Challenging perceptions about palliative care
New survey data has highlighted limited community understanding around the broader meaning of palliative care and a general reluctance to engage in conversations on death and dying.
A national education campaign – Palliative Care It’s more than you think– has been created to engage the community in a conversation about the benefits of palliative care.
The multimedia campaign developed by Palliative Care Australia (PCA), with the support of the Australian Government, seeks to challenge perceptions that palliative care is a ‘last resort’ and empower individuals to engage with their health care professionals early in their diagnosis in the hope to live as well as possible for as long as possible.
It is conservatively estimated that in addition to the 40,000 Australians receiving palliative care, there are at least a further 40,000 Australians who would also benefit from palliative care treatment.
Three quarters of Australians (76 per cent) say they would ask for palliative care for themselves or a family member when first diagnosed with a terminal illness. However, there is strong evidence that Australians do not fully understand the full breadth of palliative care and its benefits, which then presents as a barrier to accessing timely care.
Fewer than four out of 10 Australians (39 per cent) correctly understand that palliative care can be requested when a person is first diagnosed with a terminal, chronic or degenerative illness.
And only three out of 10 Australians surveyed correctly understand that General Practitioners (GPs) are among those who can provide palliative care.

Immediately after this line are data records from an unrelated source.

lemma geometric_bracket:
  fixes \<rho> c \<delta> :: real
  assumes "0 < \<rho>" "\<rho> < 1" "0 < \<delta>" "\<delta> < c"
  obtains n where "c * \<rho> ^ Suc n \<le> \<delta>" "\<delta> < c * \<rho> ^ n"
proof -
  have "(\<lambda>n. c * \<rho> ^ n) \<longlonglongrightarrow> c * 0"
    by (intro tendsto_intros) (use assms in auto)
  then have "eventually (\<lambda>n. c * \<rho> ^ n < \<delta>) sequentially"
    using assms(3) by (simp add: order_tendsto_iff)
  then have ex: "\<exists>N. c * \<rho> ^ N \<le> \<delta>"
    by (auto simp: eventually_sequentially intro: less_imp_le)
  define N where "N = (LEAST N. c * \<rho> ^ N \<le> \<delta>)"
  have N: "c * \<rho> ^ N \<le> \<delta>"
    unfolding N_def by (rule LeastI_ex[OF ex])
  then obtain n where n: "N = Suc n"
    using assms(4) by (cases N) auto
  have "\<not> c * \<rho> ^ n \<le> \<delta>"
    unfolding N_def by (rule not_less_Least) (simp add: N_def[symmetric] n)
  then show ?thesis using that N n by simp
qed

lemma coding_0: "coding 0 a = a 0"
proof -
  have "(\<lambda>n. a n * 0 ^ n) = (\<lambda>n. if n = 0 then a n else 0)"
    by (auto simp: fun_eq_iff)
  then have "(\<lambda>n. a n * 0 ^ n) sums a 0"
    using sums_single[of 0 a] by simp
  then show ?thesis
    unfolding coding_def by (rule sums_unique[symmetric])
qed

lemma attractor_0: "attractor 0 D = D"
proof -
  have "D \<subseteq> attractor 0 D"
    by (auto simp: attractor_def coding_0 intro!: exI[of _ "\<lambda>_. _"])
  then show ?thesis
    by (auto simp: attractor_def coding_0)
qed

locale digit_ifs =
  fixes lam :: complex and D :: "complex set"
  assumes contraction: "norm lam < 1" and finite_digits: "finite D"
begin

abbreviation E :: "complex set" where
  "E \<equiv> attractor lam D"

definition partial_coding :: "(nat \<Rightarrow> complex) \<Rightarrow> nat \<Rightarrow> complex" where
  "partial_coding a n = (\<Sum>i<n. a i * lam ^ i)"

text \<open>\<open>cell a n = f\<^bsub>a 0\<^esub> \<circ> \<dots> \<circ> f\<^bsub>a (n-1)\<^esub>\<close>, so \<open>cell a n ` E\<close> is an \<open>n\<close>-cell of \<open>E\<close>.\<close>
definition cell :: "(nat \<Rightarrow> complex) \<Rightarrow> nat \<Rightarrow> complex \<Rightarrow> complex" where
  "cell a n z = partial_coding a n + lam ^ n * z"

lemma cell_cong: "\<forall>i<n. a i = b i \<Longrightarrow> cell a n = cell b n"
  by (simp add: cell_def partial_coding_def fun_eq_iff)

Almost 90 per cent of Australians surveyed last month agree that people should plan for end-of-life and think it is important to start thinking and talking about their wishes and preferences for care if they were to become seriously or terminally ill.
However, far fewer Australians; in fact, half of all respondents have done nothing regarding their end-of-life wishes, finding the subject of death and planning for the end of life too difficult to talk about and think talking about their preference for end-of-life with their family will upset them.
PCA chair Professor Meera Agar, says the campaign will help Australians better understand that palliative care helps people living with a life-limiting illness to live as well as they can by managing pain and symptoms to ensure their quality of life is maintained.
“At its heart, it is a clear and simple message; the campaign is aimed at informing, empowering and encouraging Australians living with a life-limiting illness to engage with their health care professionals early in their diagnosis, so as to live as well as possible for as long as possible,” Prof. Agar said.
The new campaign website, https://morethanyouthink.org.au/ explains clearly and simply what palliative care is, who it is for, who can provide it, and where palliative care can be provided, together with answers to frequently asked questions.
“Palliative care really is more than you think. It’s for anyone of any age – from babies to older adults – who have been diagnosed with a life-limiting illness, and it can be provided alongside curative treatments, or when those treatments have ended,” Prof. Agar said.
Have you talked to your family about end-of-life options? If not, why not?
My husband's doctor was useless when it came to giving him the best medical care. I wouldn't take my dog to see him. Totally uncaring and when I asked if he could see somebody about his bladder problem, only then did he make a suggestion. He never did any follow-up to see how he was, and in the end I took it on myself to contact the Cancer Council in tears saying I didn't know what to do anymore. They immediately arranged for an ambulance to take my husband to a Palliative Care Hospital. He did respond to some medications but it was all in vain and he died 2 weeks later. I don't know where some of these doctors get their degrees from.